Maybe crawling also returns a 304, and Google won't index that?
Maybe prompt: "why would a 301 redirect lead to a 304 not modified instead of a 200 ok?", "would this 'break' Google's crawler?"
> When Google's crawler follows the 301 to the new URL and receives a 304, it gets no content body. The 304 response basically says "use what you cached"—but the crawler's cache might be empty or stale for that specific URL location, leaving Google with nothing to index.
You get a 304 because your browser tells the server what it has cached, and the server says "nothing changed, use that". In browsers you can bypass the cache by using Ctrl-F5, or in the developer tools you can usually disable caching while they're open. Doing so shows that the server is doing the right thing.

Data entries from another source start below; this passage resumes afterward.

(* Let $f, g \in \mathrm{Inj}(\Omega)$ each have at least one infinite cycle. Then $f \approx_{\mathrm{fin}} g$ if and only if $f = hh_1gh_2h^{-1}$ for some $h \in \mathrm{Sym}(\Omega)$ and $h_1, h_2 \in \mathrm{Fin}(\Omega)$.
   Context: $\Omega$ is a countably infinite set; maps are written on the right and composed left to right. $\mathrm{Inj}(\Omega)$ is the monoid of injective maps $\Omega\to\Omega$, $\mathrm{Sym}(\Omega)$ the permutation group, $\mathrm{Fin}(\Omega)$ the permutations moving only finitely many points. For $f\in\mathrm{Inj}(\Omega)$, a cycle of $f$ is a nonempty $\Sigma\subseteq\Omega$ such that (a) for all $\alpha\in\Omega$, $(\alpha)f\in\Sigma$ iff $\alpha\in\Sigma$, and (b) no proper nonempty subset of $\Sigma$ satisfies (a). A forward cycle is an infinite cycle $\Sigma$ with $\Sigma\setminus(\Omega)f\ne\emptyset$; an open cycle is an infinite cycle that is not forward. For $n\in\mathbb{Z}_+$, $(f)\mathrm{C}_n$ is the cardinal number of cycles of $f$ of cardinality $n$; $(f)\mathrm{C}_{\mathrm{open}}$, $(f)\mathrm{C}_{\mathrm{fwd}}$ are the numbers of open and forward cycles. $f\approx_{\mathrm{fin}}g$ means: $(f)\mathrm{C}_{\mathrm{open}}=(g)\mathrm{C}_{\mathrm{open}}$; $(f)\mathrm{C}_{\mathrm{fwd}}=(g)\mathrm{C}_{\mathrm{fwd}}$; $(f)\mathrm{C}_n\ne(g)\mathrm{C}_n$ for only finitely many $n\in\mathbb{Z}_+$; and whenever $(f)\mathrm{C}_n\ne(g)\mathrm{C}_n$, both are finite. *)

theory Defs
  imports "HOL-Library.Countable_Set" "HOL-Library.Equipollence"
begin

text \<open>Maps are written on the right in the paper; here they are ordinary functions.
  A set S is invariant under f in the sense of condition (a).\<close>
definition closed_under :: "('a \<Rightarrow> 'a) \<Rightarrow> 'a set \<Rightarrow> bool" where
  "closed_under f S \<longleftrightarrow> (\<forall>a. f a \<in> S \<longleftrightarrow> a \<in> S)"

definition is_cycle :: "('a \<Rightarrow> 'a) \<Rightarrow> 'a set \<Rightarrow> bool" where
  "is_cycle f S \<longleftrightarrow> S \<noteq> {} \<and> closed_under f S \<and>
     (\<forall>T. T \<subset> S \<and> T \<noteq> {} \<longrightarrow> \<not> closed_under f T)"
(* Let $U$ be an $n\times n$ unitary matrix and let $b$ be a positive integer smaller than $n/2$. Let $I=\{(j,k): j,k=1,\dots,n,\ |j-k|\le b\text{ or }n-|j-k|\le b\}$ and let $U^{(band)}$ be the $n\times n$ matrix with entries $U^{(band)}_{jk}=U_{jk}$ for $(j,k)\in I$ and $U^{(band)}_{jk}=0$ otherwise. Then there exist positive constants $C_1,C_2$, independent of $n$ and $b$, such that $$\|U^{(band)}\|\le C_1\ln b+C_2.$$
   Context: $\|\cdot\|$ denotes the operator norm. *)

theory Defs
  imports Complex_Main
begin

(* An n x n complex matrix is represented as a function nat => nat => complex;
   only the entries with indices in {0..<n} are relevant (indices shifted from 1..n to 0..n-1). *)

definition unitary_mat :: "nat \<Rightarrow> (nat \<Rightarrow> nat \<Rightarrow> complex) \<Rightarrow> bool" where
  "unitary_mat n U \<longleftrightarrow>
     (\<forall>j<n. \<forall>k<n. (\<Sum>i<n. cnj (U i j) * U i k) = (if j = k then 1 else 0)) \<and>
     (\<forall>j<n. \<forall>k<n. (\<Sum>i<n. U j i * cnj (U k i)) = (if j = k then 1 else 0))"

definition op_norm :: "nat \<Rightarrow> (nat \<Rightarrow> nat \<Rightarrow> complex) \<Rightarrow> real" where
  "op_norm n A = Sup {sqrt (\<Sum>j<n. (cmod (\<Sum>k<n. A j k * x k))\<^sup>2) | x :: nat \<Rightarrow> complex.
                        (\<Sum>k<n. (cmod (x k))\<^sup>2) \<le> 1}"

definition band :: "nat \<Rightarrow> nat \<Rightarrow> (nat \<Rightarrow> nat \<Rightarrow> complex) \<Rightarrow> (nat \<Rightarrow> nat \<Rightarrow> complex)" where
  "band n b U = (\<lambda>j k. if \<bar>int j - int k\<bar> \<le> int b \<or> int n - \<bar>int j - int k\<bar> \<le> int b
                        then U j k else 0)"

end

theory Submission
  imports Defs "HOL-Analysis.L2_Norm" "HOL-Analysis.Complex_Transcendental"
begin

text \<open>The periodic band mask \<open>M j k = [j - k \<in> {-b..b} mod n]\<close> is circulant, hence a combination
\<open>M j k = (\<Sum>t<n. c t * e(t j) * e(-t k))\<close> of rank-one matrices with unimodular entries,
\<open>e(x) = cis (2 \<pi> x / n)\<close>, whose coefficients \<open>c t\<close> form a Dirichlet kernel. Multiplying \<open>U\<close>
entrywise by \<open>e(t j) e(-t k)\<close> conjugates it by diagonal unitaries, so
\<open>\<parallel>band n b U\<parallel> \<le> (\<Sum>t. \<bar>c t\<bar>)\<close>. The Dirichlet kernel bound
\<open>\<bar>c t\<bar> \<le> min ((2b+1)/n) (1/t + 1/(n-t))\<close> makes this sum at most \<open>2 ln b + O(1)\<close>.\<close>

definition cis_frac :: "nat \<Rightarrow> real \<Rightarrow> complex" where
  "cis_frac n x = cis (2 * pi * x / real n)"

lemma cis_frac_mult: "cis_frac n x * cis_frac n y = cis_frac n (x + y)"
  by (simp add: cis_frac_def cis_mult add_divide_distrib distrib_left)

lemma norm_cis_frac [simp]: "cmod (cis_frac n x) = 1"
  by (simp add: cis_frac_def)

lemma cis_frac_power: "cis_frac n x ^ t = cis_frac n (real t * x)"
  unfolding cis_frac_def Complex.DeMoivre by (simp add: mult_ac)

lemma cis_frac_eq_1_iff:
  assumes "n > 0"
  shows "cis_frac n (of_int m) = 1 \<longleftrightarrow> int n dvd m"
proof
  assume "cis_frac n (of_int m) = 1"
  then have "cos (2 * pi * of_int m / real n) = 1"
    unfolding cis_frac_def by (metis cis.sel(1) one_complex.sel(1))
  then obtain q :: int where "2 * pi * of_int m / real n = of_int q * 2 * pi"
    using cos_one_2pi_int by blast
  then have "real_of_int m = of_int (q * int n)"
    using assms by (simp add: field_simps)
  then show "int n dvd m"
    by (metis of_int_eq_iff dvd_triv_right)
next
  assume "int n dvd m"
  then obtain q where "m = int n * q" by blast
  then show "cis_frac n (of_int m) = 1"
    using assms cis_multiple_2pi[of "of_int q"] by (simp add: cis_frac_def mult.assoc)
qed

That's a different situation. The browser decides what to do depending on the situation and what was communicated about caching. Sometimes it sends a request to the server along with information about what it already has. Then it can get back a 304. Other times it already knows the cached data is fine, so it doesn't send a request to the server in the first place. The developer tools show this as a cached 200.
Has anyone noticed that the response for the blog page has a header: "x-robots-tag: noindex, nofollow"? What's the purpose of this header on a content page?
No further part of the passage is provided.